DIRECTIONS FOR THIS TASK —
Return each line in the records below that includes "dots".

EXTRACTED DATA —
——

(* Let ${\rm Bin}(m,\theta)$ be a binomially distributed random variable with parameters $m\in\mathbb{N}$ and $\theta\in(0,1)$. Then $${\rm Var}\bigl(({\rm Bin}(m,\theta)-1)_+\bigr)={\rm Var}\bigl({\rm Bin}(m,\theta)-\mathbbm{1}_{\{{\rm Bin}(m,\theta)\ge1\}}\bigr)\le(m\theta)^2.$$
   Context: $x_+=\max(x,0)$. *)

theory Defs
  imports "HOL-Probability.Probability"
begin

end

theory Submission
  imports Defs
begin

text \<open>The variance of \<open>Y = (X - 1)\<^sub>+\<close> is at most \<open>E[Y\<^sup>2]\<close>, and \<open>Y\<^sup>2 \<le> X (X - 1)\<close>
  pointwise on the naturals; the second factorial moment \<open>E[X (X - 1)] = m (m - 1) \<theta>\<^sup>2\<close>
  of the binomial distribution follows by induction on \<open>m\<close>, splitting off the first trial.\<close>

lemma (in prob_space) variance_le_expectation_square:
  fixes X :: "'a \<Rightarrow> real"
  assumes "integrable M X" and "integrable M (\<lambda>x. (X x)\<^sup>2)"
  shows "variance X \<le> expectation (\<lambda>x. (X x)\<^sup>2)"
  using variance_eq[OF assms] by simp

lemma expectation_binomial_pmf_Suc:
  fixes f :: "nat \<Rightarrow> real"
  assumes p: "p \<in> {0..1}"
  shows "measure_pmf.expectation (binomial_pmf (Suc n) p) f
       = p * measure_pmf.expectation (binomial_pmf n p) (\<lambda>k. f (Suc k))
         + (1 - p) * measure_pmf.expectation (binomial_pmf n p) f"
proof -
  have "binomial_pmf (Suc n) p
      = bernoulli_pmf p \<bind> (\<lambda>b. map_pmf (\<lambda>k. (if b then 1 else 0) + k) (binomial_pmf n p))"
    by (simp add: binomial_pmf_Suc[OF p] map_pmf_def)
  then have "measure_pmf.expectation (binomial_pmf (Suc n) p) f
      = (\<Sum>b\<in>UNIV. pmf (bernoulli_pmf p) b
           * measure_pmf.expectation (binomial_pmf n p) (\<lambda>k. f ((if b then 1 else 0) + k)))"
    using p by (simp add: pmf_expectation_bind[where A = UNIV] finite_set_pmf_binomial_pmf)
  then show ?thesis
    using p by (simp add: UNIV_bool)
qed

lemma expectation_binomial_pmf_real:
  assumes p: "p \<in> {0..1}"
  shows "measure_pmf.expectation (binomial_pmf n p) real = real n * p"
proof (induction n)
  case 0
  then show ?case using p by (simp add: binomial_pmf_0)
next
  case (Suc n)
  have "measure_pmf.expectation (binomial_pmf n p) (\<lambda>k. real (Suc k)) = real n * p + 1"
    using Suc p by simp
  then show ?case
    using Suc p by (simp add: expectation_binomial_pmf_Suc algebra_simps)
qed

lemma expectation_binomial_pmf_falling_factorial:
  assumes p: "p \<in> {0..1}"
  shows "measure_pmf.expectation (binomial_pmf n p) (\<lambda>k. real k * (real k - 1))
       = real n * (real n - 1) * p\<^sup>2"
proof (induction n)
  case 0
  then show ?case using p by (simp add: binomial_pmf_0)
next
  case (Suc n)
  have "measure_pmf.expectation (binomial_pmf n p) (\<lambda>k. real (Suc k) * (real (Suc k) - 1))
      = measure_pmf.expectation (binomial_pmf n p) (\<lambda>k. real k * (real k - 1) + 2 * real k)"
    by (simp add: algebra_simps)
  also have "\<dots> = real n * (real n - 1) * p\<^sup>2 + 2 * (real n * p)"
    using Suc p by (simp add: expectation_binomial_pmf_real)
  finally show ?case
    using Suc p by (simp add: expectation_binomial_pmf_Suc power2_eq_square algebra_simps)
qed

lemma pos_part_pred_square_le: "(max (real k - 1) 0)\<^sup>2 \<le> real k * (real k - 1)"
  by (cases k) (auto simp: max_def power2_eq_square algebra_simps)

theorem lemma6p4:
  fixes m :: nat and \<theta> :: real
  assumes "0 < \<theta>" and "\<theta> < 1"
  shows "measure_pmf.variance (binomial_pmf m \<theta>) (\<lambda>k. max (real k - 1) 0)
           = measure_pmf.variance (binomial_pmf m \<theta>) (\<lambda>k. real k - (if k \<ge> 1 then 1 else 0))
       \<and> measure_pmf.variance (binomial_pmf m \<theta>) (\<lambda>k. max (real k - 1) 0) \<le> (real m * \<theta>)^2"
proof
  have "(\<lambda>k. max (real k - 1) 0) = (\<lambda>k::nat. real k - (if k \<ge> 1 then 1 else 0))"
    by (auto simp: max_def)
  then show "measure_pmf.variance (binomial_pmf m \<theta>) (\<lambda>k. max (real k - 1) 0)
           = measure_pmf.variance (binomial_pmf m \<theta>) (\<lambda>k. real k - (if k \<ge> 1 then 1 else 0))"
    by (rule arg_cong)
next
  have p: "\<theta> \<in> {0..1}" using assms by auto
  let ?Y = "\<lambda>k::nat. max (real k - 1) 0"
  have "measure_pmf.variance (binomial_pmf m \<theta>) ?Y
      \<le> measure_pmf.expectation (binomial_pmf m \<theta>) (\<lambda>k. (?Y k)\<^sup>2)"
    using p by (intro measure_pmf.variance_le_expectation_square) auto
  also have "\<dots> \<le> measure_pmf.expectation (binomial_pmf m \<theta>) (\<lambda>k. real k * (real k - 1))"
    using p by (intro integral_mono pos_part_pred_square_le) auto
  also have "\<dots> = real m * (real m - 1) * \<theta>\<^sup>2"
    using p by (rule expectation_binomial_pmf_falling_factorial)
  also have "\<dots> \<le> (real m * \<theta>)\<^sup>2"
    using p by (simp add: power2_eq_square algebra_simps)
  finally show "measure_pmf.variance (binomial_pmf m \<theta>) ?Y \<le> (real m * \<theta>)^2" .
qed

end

——

EXERCISE ANSWER —
  also have "\<dots> = real n * (real n - 1) * p\<^sup>2 + 2 * (real n * p)"
  also have "\<dots> \<le> measure_pmf.expectation (binomial_pmf m \<theta>) (\<lambda>k. real k * (real k - 1))"
  also have "\<dots> = real m * (real m - 1) * \<theta>\<^sup>2"
  also have "\<dots> \<le> (real m * \<theta>)\<^sup>2"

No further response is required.